Immediate outlook favours EUR/GBP gains to 0.8675
The immediate outlook for EUR/GBP has turned bullish following recent price action, analysts at Trading Central say they are forecasting a move higher in EUR/GBP towards 0.8645 and 0.8675.
However, Trading Central say, "below 0.858 look for further downside with 0.8555 & 0.8525 as targets. A support base at 0.858 has formed and has allowed for a temporary stabilisation."
Boris Schlossberg at BK Asset Management says that today's GDP data release need to beat expectations to afford sterling some fresh momentum:
"Both euro and cable were lower in morning European trade after economic data from the region simply matched investor expectations, spurring a profit taking selloff that send EUR/USD below the 1.3200 level and GBP/USD below 1.5300.

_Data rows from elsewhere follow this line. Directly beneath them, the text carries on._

lemma from_pieces_cop:
  assumes I: "finite I" "x \<in> car I"
    and "from_pieces I x J u" "J = A \<union> B" "A \<inter> B = {}"
  shows "from_pieces I x A (fst (cop A B u)) \<and> from_pieces I x B (snd (cop A B u))"
  using assms(3-5)
proof (induction arbitrary: A B)
  case (piece L J R)
  have "L \<union> A \<union> B \<union> R = I"
    using piece by blast
  then have "cop A B (piece L (A \<union> B) R x) = (piece L A (B \<union> R) x, piece (L \<union> A) B R x)"
    using cop_piece[of L A B R x] I piece by (simp add: Int_Un_distrib Int_Un_distrib2)
  moreover have "from_pieces I x A (piece L A (B \<union> R) x)" "from_pieces I x B (piece (L \<union> A) B R x)"
    using piece by (auto intro!: from_pieces.piece)
  ultimately show ?case
    using piece.prems by simp
next
  case (product A' u B' v)
  have A': "A' \<subseteq> I" "u \<in> car A'" and B': "B' \<subseteq> I" "v \<in> car B'"
    using from_pieces_car[OF I] product.hyps by auto
  have fin: "finite A'" "finite B'" "finite A" "finite B"
    using A' B' product.prems I(1) by (auto intro: finite_subset)
  have cop_uv: "cop A B (mul A' B' u v)
      = (mul (A' \<inter> A) (B' \<inter> A) (fst (cop (A' \<inter> A) (A' \<inter> B) u)) (fst (cop (B' \<inter> A) (B' \<inter> B) v)),
         mul (A' \<inter> B) (B' \<inter> B) (snd (cop (A' \<inter> A) (A' \<inter> B) u)) (snd (cop (B' \<inter> A) (B' \<inter> B) v)))"
    by (rule cop_mul[OF fin product.hyps(3) product.prems(2,1) A'(2) B'(2)])
  have u: "from_pieces I x (A' \<inter> A) (fst (cop (A' \<inter> A) (A' \<inter> B) u))"
    "from_pieces I x (A' \<inter> B) (snd (cop (A' \<inter> A) (A' \<inter> B) u))"
    using product.IH(1)[of "A' \<inter> A" "A' \<inter> B"] product.prems by auto
  have v: "from_pieces I x (B' \<inter> A) (fst (cop (B' \<inter> A) (B' \<inter> B) v))"
    "from_pieces I x (B' \<inter> B) (snd (cop (B' \<inter> A) (B' \<inter> B) v))"
    using product.IH(2)[of "B' \<inter> A" "B' \<inter> B"] product.prems by auto
  have "A' \<inter> A \<inter> (B' \<inter> A) = {}" "A' \<inter> B \<inter> (B' \<inter> B) = {}"
    using product.hyps(3) by auto
  note products = from_pieces_mul[OF I u(1) v(1) this(1)] from_pieces_mul[OF I u(2) v(2) this(2)]
  have "A' \<inter> A \<union> B' \<inter> A = A" "A' \<inter> B \<union> B' \<inter> B = B"
    using product.prems by auto
  with products show ?case
    unfolding cop_uv by simp
qed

"In Germany the IFO survey increased to 106.2 from the 105.9 the month prior but the expectations component came in a little bit weaker at 102.4 versus 102.5 expected. Given the sharp improvement in yesterday's PMI readings the market was primed for a bigger upside surprise and failing to obtain it, traders sold the EUR/USD on the news pushing it to a low of 1.3165 before finding support.
"As similar dynamic dominated trade in the GBP/USD which tumbled through the 1.5300 level to hit a low of 1.5263 before finally stabilizing. UK GDP printed at 0.6% - just in line with expectations - but currency traders were clearly looking for more given the recent string of upside economic surprises.

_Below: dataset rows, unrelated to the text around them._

(* Let $\theta:H\to H$ be an endomorphism. Then: (1) every $\theta$-maximal hyperideal of $H$ is an $n$-ary Endo-prime hyperideal associated with $\theta$; (2) if $E$ is a hyperideal of $H$ such that $rad(E)$ is a $\theta$-maximal hyperideal, then $E$ is an $n$-ary Endo-primary hyperideal associated with $\theta$.
   Context: Throughout, $(H,h,k)$ is a commutative Krasner $(m,n)$-hyperring with scalar identity $1_H$: $(H,h)$ is a canonical $m$-ary hypergroup (a commutative associative $m$-ary hyperoperation $h:H^m\to\mathcal P^*(H)$ with a unique zero $0$ such that $h(u,0^{(m-1)})=\{u\}$, unique inverses, reversibility), $k:H^n\to H$ is a commutative associative $n$-ary operation distributing over $h$ in each argument, $k(0,u_2^n)=0$, and $k(u,1_H^{(n-1)})=u$ for all $u$. Notation: $u_i^j$ denotes $u_i,\dots,u_j$ (empty if $j<i$); $u^{(t)}$ denotes $u$ repeated $t$ times; for $r=l(n-1)+1$, $k_{(l)}(u_1^r)=k(k(\cdots k(k(u_1^n),u_{n+1}^{2n-1})\cdots),u_{r-n+1}^{r})$. A hyperideal is a nonempty $I\subseteq H$ such that $(I,h)$ is an $m$-ary subhypergroup and $k(u_1^{i-1},I,u_{i+1}^n)\subseteq I$ for all $u_j\in H$. An endomorphism is a map $\theta$ with $\theta(h(u_1^m))=h(\theta(u_1),\dots,\theta(u_m))$, $\theta(k(u_1^n))=k(\theta(u_1),\dots,\theta(u_n))$, $\theta(1_H)=1_H$. $rad(E)$ is the set of $u$ with $k(u^{(r)},1_H^{(n-r)})\in E$ for some $r\le n$ or $k_{(l)}(u^{(r)})\in E$ for some $r=l(n-1)+1>n$ (equivalently the intersection of all $n$-ary prime hyperideals containing $E$). A proper hyperideal $M$ is $\theta$-maximal if for every hyperideal $E$ with $M\subseteq E$, either $\theta(E)\subseteq M$ or $E=H$. A proper hyperideal $E$ is an $n$-ary Endo-prime hyperideal associated with $\theta$ if for all $u_1,\dots,u_n\in H$, $k(u_1^n)\in E$ implies that for some $i$, $u_i\in E$ or $\theta\big(k(u_1^{i-1},1_H,u_{i+1}^n)\big)\in E$; it is an $n$-ary Endo-primary hyperideal associated with $\theta$ if $k(u_1^n)\in E$ implies that for some $i$, $u_i\in E$ or $\theta\big(k(u_1^{i-1},1_H,u_{i+1}^n)\big)\in rad(E)$. *)

theory Defs
  imports Main "HOL-Library.Multiset"
begin

text \<open>Elements of H are the elements of the type 'a (H = UNIV).
  An m-ary hyperoperation is h :: 'a list => 'a set, an n-ary operation is
  k :: 'a list => 'a; only argument lists of the right length matter.
  List positions are 0-based.\<close>

definition hset :: "('a list \<Rightarrow> 'a set) \<Rightarrow> 'a set list \<Rightarrow> 'a set" where
  "hset h As = \<Union> {h ys | ys. list_all2 (\<in>) ys As}"

definition hneg :: "nat \<Rightarrow> ('a list \<Rightarrow> 'a set) \<Rightarrow> 'a \<Rightarrow> 'a \<Rightarrow> 'a" where
  "hneg m h z u = (THE v. z \<in> h (u # v # replicate (m - 2) z))"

"UK GDP showed improvement across nearly all categories with services output rising up 0.6% and manufacturing output increasing 0.6% versus 0.5% and 0.3% the quarter prior. The only noticeable decline was in government and other services which dropped to 0.1% versus 0.4% in Q1.

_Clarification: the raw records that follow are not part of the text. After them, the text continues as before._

lemma integral_lip1_le_of_st_le:
  fixes \<mu> \<nu> :: "(real^'n) measure"
  assumes "fm1 \<mu>" "fm1 \<nu>" "st_le \<mu> \<nu>" and f: "lip1 f" "\<forall>x. 0 \<le> f x" "mono f"
  shows "(\<integral>x. f x \<partial>\<mu>) \<le> (\<integral>x. f x \<partial>\<nu>)"
proof -
  define h where "h k = (\<lambda>x. min (f x) (real k))" for k :: nat
  have "mono (h k)" for k
    using f(3) unfolding h_def mono_def by (intro allI impI min.mono) auto
  moreover have "h k \<in> borel_measurable borel" "bounded (range (h k))" for k
    using f borel_measurable_lip1[OF f(1)]
    by (auto simp: h_def bounded_real intro!: exI[of _ "real k"])
  ultimately have h: "h k \<in> borel_measurable borel" "bounded (range (h k))" "mono (h k)" for k
    by blast+
  have lim: "(\<lambda>k. \<integral>x. h k x \<partial>L) \<longlonglongrightarrow> (\<integral>x. f x \<partial>L)" if L: "fm1 L" for L
  proof (rule integral_dominated_convergence[where w=f])
    show "f \<in> borel_measurable L" "h k \<in> borel_measurable L" for k
      using borel_measurable_lip1[OF f(1)] h(1) by (simp_all add: measurable_fm1[OF L])
    show "integrable L f"
      using L f(1) by (rule integrable_lip1)
    show "AE x in L. norm (h k x) \<le> f x" for k
      using f(2) by (simp add: h_def)
    show "AE x in L. (\<lambda>k. h k x) \<longlonglongrightarrow> f x"
    proof (intro AE_I2)
      fix x
      have "\<forall>\<^sub>F k in sequentially. h k x = f x"
        unfolding h_def eventually_sequentially
        by (intro exI[of _ "nat \<lceil>f x\<rceil>"]) (auto intro!: min_absorb1 order_trans[OF real_nat_ceiling_ge])
      then show "(\<lambda>k. h k x) \<longlonglongrightarrow> f x"
        by (rule tendsto_eventually)
    qed
  qed
  show ?thesis
    using assms(3) h unfolding st_le_def by (intro LIMSEQ_le[OF lim lim] assms) auto
qed

lemma P1_fm1: "P1 M \<Longrightarrow> fm1 M"
  by (auto simp: P1_def fm1_def prob_space_def)

lemma sm_decomp_sm_of: "fm1 M \<Longrightarrow> fm1 N \<Longrightarrow> sm_decomp (\<lambda>A. sm_of M A - sm_of N A) M N"
  by (auto simp: sm_decomp_def sm_of_def)

lemma st_le_iff_coneC:
  fixes \<mu> \<nu> :: "(real^'n) measure"
  assumes "P1 \<mu>" "P1 \<nu>"
  shows "st_le \<mu> \<nu> \<longleftrightarrow> (\<lambda>A. sm_of \<nu> A - sm_of \<mu> A) \<in> coneC"
proof -
  have fm1: "fm1 \<mu>" "fm1 \<nu>"
    using assms by (simp_all add: P1_fm1)
  have "st_le \<mu> \<nu>" if "(\<lambda>A. sm_of \<nu> A - sm_of \<mu> A) \<in> coneC"
    using that assms fm1
    by (intro st_le_of_upper_sets measure_upper_set_le)
      (auto simp: coneC_sm_decomp_iff[OF sm_decomp_sm_of[OF fm1(2,1)]] P1_def fm1D)
  then show ?thesis
    using fm1 integral_lip1_le_of_st_le[OF fm1]
    by (auto simp: coneC_sm_decomp_iff[OF sm_decomp_sm_of[OF fm1(2,1)]])
qed

theorem lemma3p5:
  shows "(\<forall>(s :: nat \<Rightarrow> (real^'n) set \<Rightarrow> real) \<mu>.
            (\<forall>k. s k \<in> coneC) \<longrightarrow> \<mu> \<in> M1 \<longrightarrow>
            (\<lambda>k. W1norm (\<lambda>A. s k A - \<mu> A)) \<longlonglongrightarrow> 0 \<longrightarrow> \<mu> \<in> coneC)
    \<and> (\<forall>\<mu> \<in> (coneC :: ((real^'n) set \<Rightarrow> real) set). \<forall>\<nu> \<in> coneC. \<forall>t \<in> {0..1::real}.
            (\<lambda>A. t * \<mu> A + (1 - t) * \<nu> A) \<in> coneC)
    \<and> (\<forall>c > (0::real). \<forall>\<mu> \<in> (coneC :: ((real^'n) set \<Rightarrow> real) set). (\<lambda>A. c * \<mu> A) \<in> coneC)
    \<and> (coneC \<inter> (\<lambda>\<mu> A. - \<mu> A) ` coneC = {(\<lambda>A. 0) :: (real^'n) set \<Rightarrow> real})
    \<and> (\<forall>\<mu> \<nu> :: (real^'n) measure. P1 \<mu> \<longrightarrow> P1 \<nu> \<longrightarrow>
            (st_le \<mu> \<nu> \<longleftrightarrow> (\<lambda>A. sm_of \<nu> A - sm_of \<mu> A) \<in> coneC))"
  using coneC_W1_closed coneC_convex coneC_scale[OF less_imp_le] coneC_pointed st_le_iff_coneC
  by blast

end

"The overall economic picture shows clear pick up in economic activity that is likely to persist for the foreseeable future. Cable however may have gotten a little ahead of itself as it raced towards the 1.5400 level over the past several days and today's correction is a sign that the pair may need to consolidate its rally and could decline towards 1.5200 as the day progresses if dollar continues to be bid."